Converts a FilteredDict to a string, removing spaces.

Parameters:

Name Type Description Default
data FilteredDict

The FilteredDict to convert.

required

Returns:

Type Description
str

A string representation of the FilteredDict with no spaces.

Source code in src/directmultistep/utils/pre_process.py
def stringify_dict(data: FilteredDict) -> str:
    """Converts a FilteredDict to a string, removing spaces.

    Args:
        data: The FilteredDict to convert.

    Returns:
        A string representation of the FilteredDict with no spaces.
    """
    return str(data).replace(" ", "")

generate_permutations(data, max_perm=None)

Generates permutations of a synthetic route by permuting the order of children.

This function generates all possible permutations of a synthetic route by rearranging the order of child nodes at each level of the tree. It can optionally limit the number of permutations generated.

Parameters:

Name Type Description Default
data FilteredDict

A FilteredDict representing the synthetic route.

required
max_perm int | None

An optional integer to limit the number of permutations generated.

None

Returns:

Type Description
list[str]

A list of stringified FilteredDicts representing the permuted routes.
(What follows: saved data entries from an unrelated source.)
lemma emits_transfer:
  assumes "EI Q l a = EI Q l b" and "m \<le> l" and "emits Q a m f"
  shows "emits Q b m f"
proof -
  obtain \<mu> \<nu> \<xi> t where tr: "(\<mu>,\<nu>,\<xi>) \<in> full_beh Q" and "\<xi> t = a"
    and agree: "\<forall>i<m. \<nu> (t + i) = f i"
    using assms(3) unfolding emits_def by blast
  then have "emits Q a l (\<lambda>i. \<nu> (t + i))" using emits_trajectory by blast
  then have "emits Q b l (\<lambda>i. \<nu> (t + i))"
    using assms(1) by (simp add: EI_def flip: Estr_map_Some_iff)
  then have "emits Q b m (\<lambda>i. \<nu> (t + i))" using assms(2) by (rule emits_mono)
  then show ?thesis using agree by (simp cong: emits_cong)
qed

lemma emits_Suc:
  assumes "emits Q x (Suc n) f"
  obtains u x' where "(x, u, f 0, x') \<in> sm_delta Q" and "emits Q x' n (\<lambda>i. f (Suc i))"
proof -
  obtain \<mu> \<nu> \<xi> t where tr: "(\<mu>,\<nu>,\<xi>) \<in> full_beh Q" and x: "\<xi> t = x"
    and agree: "\<forall>i<Suc n. \<nu> (t + i) = f i"
    using assms unfolding emits_def by blast
  have "(\<xi> t, \<mu> t, \<nu> t, \<xi> (Suc t)) \<in> sm_delta Q"
    using tr unfolding full_beh_def by blast
  then have step: "(x, \<mu> t, f 0, \<xi> (Suc t)) \<in> sm_delta Q"
    using x agree by auto
  have "emits Q (\<xi> (Suc t)) n (\<lambda>i. \<nu> (Suc t + i))"
    by (rule emits_trajectory[OF tr])
  then have "emits Q (\<xi> (Suc t)) n (\<lambda>i. f (Suc i))"
    using agree by (subst (asm) emits_cong[where g = "\<lambda>i. f (Suc i)"]) auto
  with step show thesis by (rule that)
qed

lemma emits_Cons:
  assumes wf: "sm_wf Q" and lr: "live_reachable Q"
    and step: "(x, u, y, x') \<in> sm_delta Q" and cont: "emits Q x' n f"
  shows "emits Q x (Suc n) (case_nat y f)"
proof -
  have "x \<in> sm_X Q" and uy: "u \<in> sm_U Q" "y \<in> sm_Y Q"
    using wf step unfolding sm_wf_def by auto
  then obtain \<mu>1 \<nu>1 \<xi>1 t1 where tr1: "(\<mu>1,\<nu>1,\<xi>1) \<in> full_beh Q" and x: "\<xi>1 t1 = x"
    using lr unfolding live_reachable_def by blast
  obtain \<mu>2 \<nu>2 \<xi>2 t2 where tr2: "(\<mu>2,\<nu>2,\<xi>2) \<in> full_beh Q" and x': "\<xi>2 t2 = x'"
    and agree: "\<forall>i<n. \<nu>2 (t2 + i) = f i"
    using cont unfolding emits_def by blast
  define \<mu> where "\<mu> i = (if i < t1 then \<mu>1 i else if i = t1 then u else \<mu>2 (i - Suc t1 + t2))" for i
  define \<nu> where "\<nu> i = (if i < t1 then \<nu>1 i else if i = t1 then y else \<nu>2 (i - Suc t1 + t2))" for i
  define \<xi> where "\<xi> i = (if i \<le> t1 then \<xi>1 i else \<xi>2 (i - Suc t1 + t2))" for i
  have "(\<mu>,\<nu>,\<xi>) \<in> full_beh Q"
    unfolding full_beh_def
  proof (clarify, intro conjI allI)
    show "\<xi> 0 \<in> sm_X0 Q" using tr1 unfolding full_beh_def \<xi>_def by auto
  next
    fix k
    show "\<mu> k \<in> sm_U Q" "\<nu> k \<in> sm_Y Q" "\<xi> k \<in> sm_X Q"
      using tr1 tr2 uy unfolding full_beh_def \<mu>_def \<nu>_def \<xi>_def by auto
    consider "k < t1" | "k = t1" | "t1 < k" by linarith
    then show "(\<xi> k, \<mu> k, \<nu> k, \<xi> (Suc k)) \<in> sm_delta Q"
    proof cases
      case 1
      then show ?thesis using tr1 unfolding full_beh_def \<xi>_def \<mu>_def \<nu>_def by auto
    next
      case 2
      then show ?thesis using step x x' unfolding \<xi>_def \<mu>_def \<nu>_def by auto
    next
      case 3
      then have "Suc k - Suc t1 + t2 = Suc (k - Suc t1 + t2)" by simp
      then show ?thesis using tr2 3 unfolding full_beh_def \<xi>_def \<mu>_def \<nu>_def by auto
    qed
  qed
  moreover have "\<xi> t1 = x" using x by (simp add: \<xi>_def)
  moreover have "\<forall>i<Suc n. \<nu> (t1 + i) = case_nat y f i"
    using agree by (auto simp: \<nu>_def add.commute split: nat.split)
  ultimately show ?thesis unfolding emits_def by blast
qed

lemma emits_initial_beh:
  assumes "x \<in> sm_X0 Q" and "emits Q x n f"
  obtains \<nu> where "ext \<nu> \<in> beh Q" and "\<forall>i<n. \<nu> i = f i"
proof -
  obtain \<mu> \<nu> \<xi> t where tr: "(\<mu>,\<nu>,\<xi>) \<in> full_beh Q" and "\<xi> t = x"
    and agree: "\<forall>i<n. \<nu> (t + i) = f i"
    using assms(2) unfolding emits_def by blast
  then have "(\<lambda>i. \<mu> (t + i), \<lambda>i. \<nu> (t + i), \<lambda>i. \<xi> (t + i)) \<in> full_beh Q"
    using assms(1) unfolding full_beh_def by auto
  then have "ext (\<lambda>i. \<nu> (t + i)) \<in> beh Q" unfolding beh_def by blast
  then show thesis using agree by (rule that)
qed

lemma restr_in_Pi_l: "v \<in> B \<Longrightarrow> restr v (int k - int n) (int k) \<in> Pi_l (Suc n) B"
  unfolding Pi_l_def restr_set_def by (rule UN_I[of k]) auto

lemma emits_window_in_Pi_l:
  assumes "emits Q x (Suc n) f"
  shows "map (\<lambda>i. Some (f i)) [0..<Suc n] \<in> Pi_l (Suc n) (beh Q)"
proof -
  obtain \<mu> \<nu> \<xi> t where "(\<mu>,\<nu>,\<xi>) \<in> full_beh Q" and agree: "\<forall>i<Suc n. \<nu> (t + i) = f i"
    using assms unfolding emits_def by blast
  then have "restr (ext \<nu>) (int (t + n) - int n) (int (t + n)) \<in> Pi_l (Suc n) (beh Q)"
    by (intro restr_in_Pi_l) (auto simp: beh_def)
  moreover have "restr (ext \<nu>) (int (t + n) - int n) (int (t + n)) = map (\<lambda>i. Some (f i)) [0..<Suc n]"
    using restr_ext_window[of \<nu> t n] agree by simp
  ultimately show ?thesis by simp
qed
Source code in src/directmultistep/utils/pre_process.py
def generate_permutations(data: FilteredDict, max_perm: int | None = None) -> list[str]:
    """Generates permutations of a synthetic route by permuting the order of children.
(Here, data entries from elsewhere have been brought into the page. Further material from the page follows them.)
text \<open>With \<open>f = \<beta>(u)\<close>, \<open>g = \<beta>(w)\<close>, the equation \<open>\<L>\<beta> = S\<close> is a first-order system of three
  linear PDEs in \<open>f, g\<close> with constant right-hand sides. Differentiating it and using the symmetry
  of mixed partials expresses \<open>f\<^sub>x\<^sub>y\<close>, \<open>f\<^sub>y\<^sub>y\<close> and then \<open>f\<^sub>y\<close> in terms of \<open>f, g\<close>; one more
  differentiation leaves two linear algebraic relations between \<open>f\<close> and \<open>g\<close> with constant
  coefficients, whose determinant is, for \<open>ab = 0\<close>, a nonzero multiple of \<open>5a + 45 + 3b\<close>. If it does
  not vanish, \<open>\<beta>\<close> is constant in the left-invariant frame. In the two exceptional cases
  \<open>(a, b) = (0, -15)\<close> and \<open>(-9, 0)\<close> the relations yield a linear condition on \<open>S\<close>, which is exactly
  the condition for \<open>\<L>\<alpha> = S\<close> to have a constant solution \<open>\<alpha>\<close>.\<close>

lemma has_derivative_partials:
  assumes "F differentiable (at p)"
  shows "(F has_derivative (\<lambda>h. fst h * px F p + snd h * py F p)) (at p)"
proof -
  let ?D = "frechet_derivative F (at p)"
  have D: "(F has_derivative ?D) (at p)"
    using assms frechet_derivative_works by blast
  have "?D (h1, h2) = h1 * px F p + h2 * py F p" for h1 h2
  proof -
    have "?D (h1, h2) = ?D (h1 *\<^sub>R (1, 0) + h2 *\<^sub>R (0, 1))"
      by simp
    also have "\<dots> = h1 * ?D (1, 0) + h2 * ?D (0, 1)"
      using has_derivative_linear[OF D]
      by (simp only: linear_add linear_cmul real_scaleR_def)
    finally show ?thesis
      by (simp add: px_def py_def)
  qed
  then have "?D = (\<lambda>h. fst h * px F p + snd h * py F p)"
    by auto
  with D show ?thesis
    by simp
qed

lemma has_real_derivative_px:
  assumes "F differentiable (at (x, y))"
  shows "((\<lambda>s. F (s, y)) has_real_derivative px F (x, y)) (at x)"
proof -
  have "((\<lambda>s. F (s, y)) has_derivative (\<lambda>h. fst (h, 0::real) * px F (x, y) + snd (h, 0::real) * py F (x, y))) (at x)"
    by (rule has_derivative_compose[where g = F and f = "\<lambda>s. (s, y)", OF _ has_derivative_partials[OF assms], simplified])
      (auto intro!: derivative_eq_intros)
  then show ?thesis
    unfolding has_field_derivative_def by (rule has_derivative_eq_rhs) (auto simp: fun_eq_iff)
qed

lemma has_real_derivative_py:
  assumes "F differentiable (at (x, y))"
  shows "((\<lambda>s. F (x, s)) has_real_derivative py F (x, y)) (at y)"
proof -
  have "((\<lambda>s. F (x, s)) has_derivative (\<lambda>h. fst (0::real, h) * px F (x, y) + snd (0::real, h) * py F (x, y))) (at y)"
    by (rule has_derivative_compose[where g = F and f = "\<lambda>s. (x, s)", OF _ has_derivative_partials[OF assms], simplified])
      (auto intro!: derivative_eq_intros)
  then show ?thesis
    unfolding has_field_derivative_def by (rule has_derivative_eq_rhs) (auto simp: fun_eq_iff)
qed

lemma second_difference_py_px:
  fixes F :: "real \<times> real \<Rightarrow> real"
  assumes dF: "\<And>q. F differentiable (at q)" and dFx: "\<And>q. px F differentiable (at q)"
    and "t > 0"
  obtains \<xi> \<eta> where "x0 < \<xi>" "\<xi> < x0 + t" "y0 < \<eta>" "\<eta> < y0 + t"
    and "F (x0 + t, y0 + t) - F (x0 + t, y0) - F (x0, y0 + t) + F (x0, y0) = t * (t * py (px F) (\<xi>, \<eta>))"
proof -
  have "\<exists>\<xi>. x0 < \<xi> \<and> \<xi> < x0 + t \<and> (F (x0 + t, y0 + t) - F (x0 + t, y0)) - (F (x0, y0 + t) - F (x0, y0))
      = ((x0 + t) - x0) * (px F (\<xi>, y0 + t) - px F (\<xi>, y0))"
    by (rule MVT2[where f = "\<lambda>s. F (s, y0 + t) - F (s, y0)"])
      (use \<open>t > 0\<close> in \<open>auto intro!: derivative_eq_intros has_real_derivative_px dF\<close>)
  then obtain \<xi> where "x0 < \<xi>" "\<xi> < x0 + t"
    and "(F (x0 + t, y0 + t) - F (x0 + t, y0)) - (F (x0, y0 + t) - F (x0, y0))
      = t * (px F (\<xi>, y0 + t) - px F (\<xi>, y0))"
    by auto
  moreover have "\<exists>\<eta>. y0 < \<eta> \<and> \<eta> < y0 + t \<and>
      px F (\<xi>, y0 + t) - px F (\<xi>, y0) = ((y0 + t) - y0) * py (px F) (\<xi>, \<eta>)"
    by (rule MVT2) (use \<open>t > 0\<close> in \<open>auto intro!: has_real_derivative_py dFx\<close>)
  ultimately show ?thesis
    using that by (auto simp: algebra_simps)
qed

lemma second_difference_px_py:
  fixes F :: "real \<times> real \<Rightarrow> real"
  assumes dF: "\<And>q. F differentiable (at q)" and dFy: "\<And>q. py F differentiable (at q)"
    and "t > 0"
  obtains \<xi> \<eta> where "x0 < \<xi>" "\<xi> < x0 + t" "y0 < \<eta>" "\<eta> < y0 + t"
    and "F (x0 + t, y0 + t) - F (x0 + t, y0) - F (x0, y0 + t) + F (x0, y0) = t * (t * px (py F) (\<xi>, \<eta>))"
proof -
  have "\<exists>\<eta>. y0 < \<eta> \<and> \<eta> < y0 + t \<and> (F (x0 + t, y0 + t) - F (x0, y0 + t)) - (F (x0 + t, y0) - F (x0, y0))
      = ((y0 + t) - y0) * (py F (x0 + t, \<eta>) - py F (x0, \<eta>))"
    by (rule MVT2[where f = "\<lambda>s. F (x0 + t, s) - F (x0, s)"])
      (use \<open>t > 0\<close> in \<open>auto intro!: derivative_eq_intros has_real_derivative_py dF\<close>)
  then obtain \<eta> where "y0 < \<eta>" "\<eta> < y0 + t"
    and "(F (x0 + t, y0 + t) - F (x0, y0 + t)) - (F (x0 + t, y0) - F (x0, y0))
      = t * (py F (x0 + t, \<eta>) - py F (x0, \<eta>))"
    by auto
  moreover have "\<exists>\<xi>. x0 < \<xi> \<and> \<xi> < x0 + t \<and>
      py F (x0 + t, \<eta>) - py F (x0, \<eta>) = ((x0 + t) - x0) * px (py F) (\<xi>, \<eta>)"
    by (rule MVT2) (use \<open>t > 0\<close> in \<open>auto intro!: has_real_derivative_px dFy\<close>)
  ultimately show ?thesis
    using that by (auto simp: algebra_simps)
qed

lemma dist_Pair_less_of_box:
  fixes x0 y0 :: real
  assumes "x0 < \<xi>" "\<xi> < x0 + t" "y0 < \<eta>" "\<eta> < y0 + t"
  shows "dist (\<xi>, \<eta>) (x0, y0) < 2 * t"
proof -
  have "dist (\<xi>, \<eta>) (x0, y0) \<le> \<bar>\<xi> - x0\<bar> + \<bar>\<eta> - y0\<bar>"
    unfolding dist_Pair_Pair dist_real_def by (metis abs_idempotent sqrt_sum_squares_le_sum_abs)
  with assms show ?thesis
    by linarith
qed

text \<open>Schwarz's theorem: both mixed partials are limits of the same second difference quotient.\<close>

lemma px_py_commute:
  fixes F :: "real \<times> real \<Rightarrow> real"
  assumes dF: "\<And>q. F differentiable (at q)"
    and dFx: "\<And>q. px F differentiable (at q)" and dFy: "\<And>q. py F differentiable (at q)"
    and cA: "continuous_on UNIV (px (py F))" and cB: "continuous_on UNIV (py (px F))"
  shows "px (py F) p = py (px F) p"
proof -
  obtain x0 y0 where p: "p = (x0, y0)"
    by (cases p)
  have "\<bar>px (py F) p - py (px F) p\<bar> < 2 * e" if "e > 0" for e
  proof -
    obtain d1 where "d1 > 0" and d1: "\<And>q. dist q p < d1 \<Longrightarrow> \<bar>px (py F) q - px (py F) p\<bar> < e"
      using cA \<open>e > 0\<close> unfolding continuous_on_eq_continuous_at[OF open_UNIV] continuous_at_eps_delta
      by (metis UNIV_I dist_real_def)
    obtain d2 where "d2 > 0" and d2: "\<And>q. dist q p < d2 \<Longrightarrow> \<bar>py (px F) q - py (px F) p\<bar> < e"
      using cB \<open>e > 0\<close> unfolding continuous_on_eq_continuous_at[OF open_UNIV] continuous_at_eps_delta
      by (metis UNIV_I dist_real_def)
    define t where "t = min d1 d2 / 2"
    have "t > 0"
      using \<open>d1 > 0\<close> \<open>d2 > 0\<close> by (simp add: t_def)
    have "2 * t \<le> d1" "2 * t \<le> d2"
      by (simp_all add: t_def)
    obtain \<xi> \<eta> where "x0 < \<xi>" "\<xi> < x0 + t" "y0 < \<eta>" "\<eta> < y0 + t"
      and A: "F (x0 + t, y0 + t) - F (x0 + t, y0) - F (x0, y0 + t) + F (x0, y0) = t * (t * px (py F) (\<xi>, \<eta>))"
      using second_difference_px_py[OF dF dFy \<open>t > 0\<close>] by blast
    then have "dist (\<xi>, \<eta>) p < d1"
      using dist_Pair_less_of_box \<open>2 * t \<le> d1\<close> unfolding p by fastforce
    obtain \<xi>' \<eta>' where "x0 < \<xi>'" "\<xi>' < x0 + t" "y0 < \<eta>'" "\<eta>' < y0 + t"
      and B: "F (x0 + t, y0 + t) - F (x0 + t, y0) - F (x0, y0 + t) + F (x0, y0) = t * (t * py (px F) (\<xi>', \<eta>'))"
      using second_difference_py_px[OF dF dFx \<open>t > 0\<close>] by blast
    then have "dist (\<xi>', \<eta>') p < d2"
      using dist_Pair_less_of_box \<open>2 * t \<le> d2\<close> unfolding p by fastforce
    have "px (py F) (\<xi>, \<eta>) = py (px F) (\<xi>', \<eta>')"
      using A B \<open>t > 0\<close> by simp
    with d1[OF \<open>dist (\<xi>, \<eta>) p < d1\<close>] d2[OF \<open>dist (\<xi>', \<eta>') p < d2\<close>] show ?thesis
      by linarith
  qed
  from this[of "\<bar>px (py F) p - py (px F) p\<bar> / 2"] show ?thesis
    by fastforce
qed

text \<open>All identities differentiated below have this shape: constant coefficients, except for the
  factor \<open>e\<^sup>2\<^sup>y\<close> coming from \<open>u = e\<^sup>2\<^sup>y \<partial>\<^sub>x\<close>. Unused slots are filled with coefficient 0.\<close>

lemma relation_partials:
  fixes H F G I J :: "real \<times> real \<Rightarrow> real"
  assumes rel: "\<And>q. d * exp (2 * snd q) * H q + cF * F q + cG * G q + cI * I q + cJ * J q = k"
    and dH: "H differentiable (at p)" and dF: "F differentiable (at p)"
    and dG: "G differentiable (at p)" and dI: "I differentiable (at p)" and dJ: "J differentiable (at p)"
  shows "d * exp (2 * snd p) * px H p + cF * px F p + cG * px G p + cI * px I p + cJ * px J p = 0"
    and "d * (2 * exp (2 * snd p) * H p + exp (2 * snd p) * py H p)
           + cF * py F p + cG * py G p + cI * py I p + cJ * py J p = 0"
proof -
  let ?\<phi> = "\<lambda>q. d * exp (2 * snd q) * H q + cF * F q + cG * G q + cI * I q + cJ * J q"
  let ?D = "\<lambda>h. d * (exp (2 * snd p) * (fst h * px H p + snd h * py H p) + exp (2 * snd p) * (2 * snd h) * H p)
       + cF * (fst h * px F p + snd h * py F p) + cG * (fst h * px G p + snd h * py G p)
       + cI * (fst h * px I p + snd h * py I p) + cJ * (fst h * px J p + snd h * py J p)"
  have "(?\<phi> has_derivative ?D) (at p)"
    by (auto intro!: derivative_eq_intros has_derivative_partials dH dF dG dI dJ simp: algebra_simps)
  moreover have "(?\<phi> has_derivative (\<lambda>h. 0)) (at p)"
    using rel by simp
  ultimately have "?D = (\<lambda>h. 0)"
    using has_derivative_unique by blast
  from fun_cong[OF this, of "(1, 0)"] fun_cong[OF this, of "(0, 1)"]
  show "d * exp (2 * snd p) * px H p + cF * px F p + cG * px G p + cI * px I p + cJ * px J p = 0"
    and "d * (2 * exp (2 * snd p) * H p + exp (2 * snd p) * py H p)
           + cF * py F p + cG * py G p + cI * py I p + cJ * py J p = 0"
    by (simp_all add: algebra_simps)
qed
    This function generates all possible permutations of a synthetic route by
    rearranging the order of child nodes at each level of the tree. It can
    optionally limit the number of permutations generated.

    Args:
        data: A FilteredDict representing the synthetic route.
        max_perm: An optional integer to limit the number of permutations generated.

    Returns:
        A list of stringified FilteredDicts representing the permuted routes.
    """
    if "children" not in data or not data["children"]:
        return [stringify_dict(data)]

    child_permutations = []
    for child in data["children"]:
        child_permutations.append(generate_permutations(child, max_perm))

    all_combos = []
    # Conditionally apply permutation limit
    permutation_generator = permutations(range(len(child_permutations)))
    if max_perm is not None:
        permutation_generator = islice(permutation_generator, max_perm)  # type:ignore

    for combo in permutation_generator:
        for product in itertools.product(*(child_permutations[i] for i in combo)):
            new_data = data.copy()
            new_data["children"] = [eval(child_str) for child_str in product]
            all_combos.append(stringify_dict(new_data))
            if max_perm is not None and len(all_combos) >= max_perm:
                return all_combos  # Return early if maximum number of permutations is reached
    return all_combos

is_convergent(route)

Determines if a synthesis route is convergent (non-linear).

A route is linear if for every transformation, at most one reactant has children (i.e., all other reactants are leaf nodes). A route is convergent if there exists at least one transformation where two or more reactants have children.

Parameters:

Name Type Description Default
route FilteredDict

The synthesis route to analyze.

required

Returns:

Type Description
bool

True if the route is convergent (non-linear), False if it's linear.

Source code in src/directmultistep/utils/pre_process.py
def is_convergent(route: FilteredDict) -> bool:
    """Determines if a synthesis route is convergent (non-linear).

    A route is linear if for every transformation, at most one reactant has children
    (i.e., all other reactants are leaf nodes). A route is convergent if there exists
    at least one transformation where two or more reactants have children.

    Args:
        route: The synthesis route to analyze.

    Returns:
        True if the route is convergent (non-linear), False if it's linear.
    """
    if "children" not in route:
        return False

    # Check if current node's transformation has 2 or more children with their own children
    children = route["children"]
    if len(children) >= 2:  # Need at least 2 children for a transformation
        children_with_children = sum(1 for child in children if "children" in child)
        if children_with_children >= 2:
            return True

    # Recursively check children
    return any(is_convergent(child) for child in children)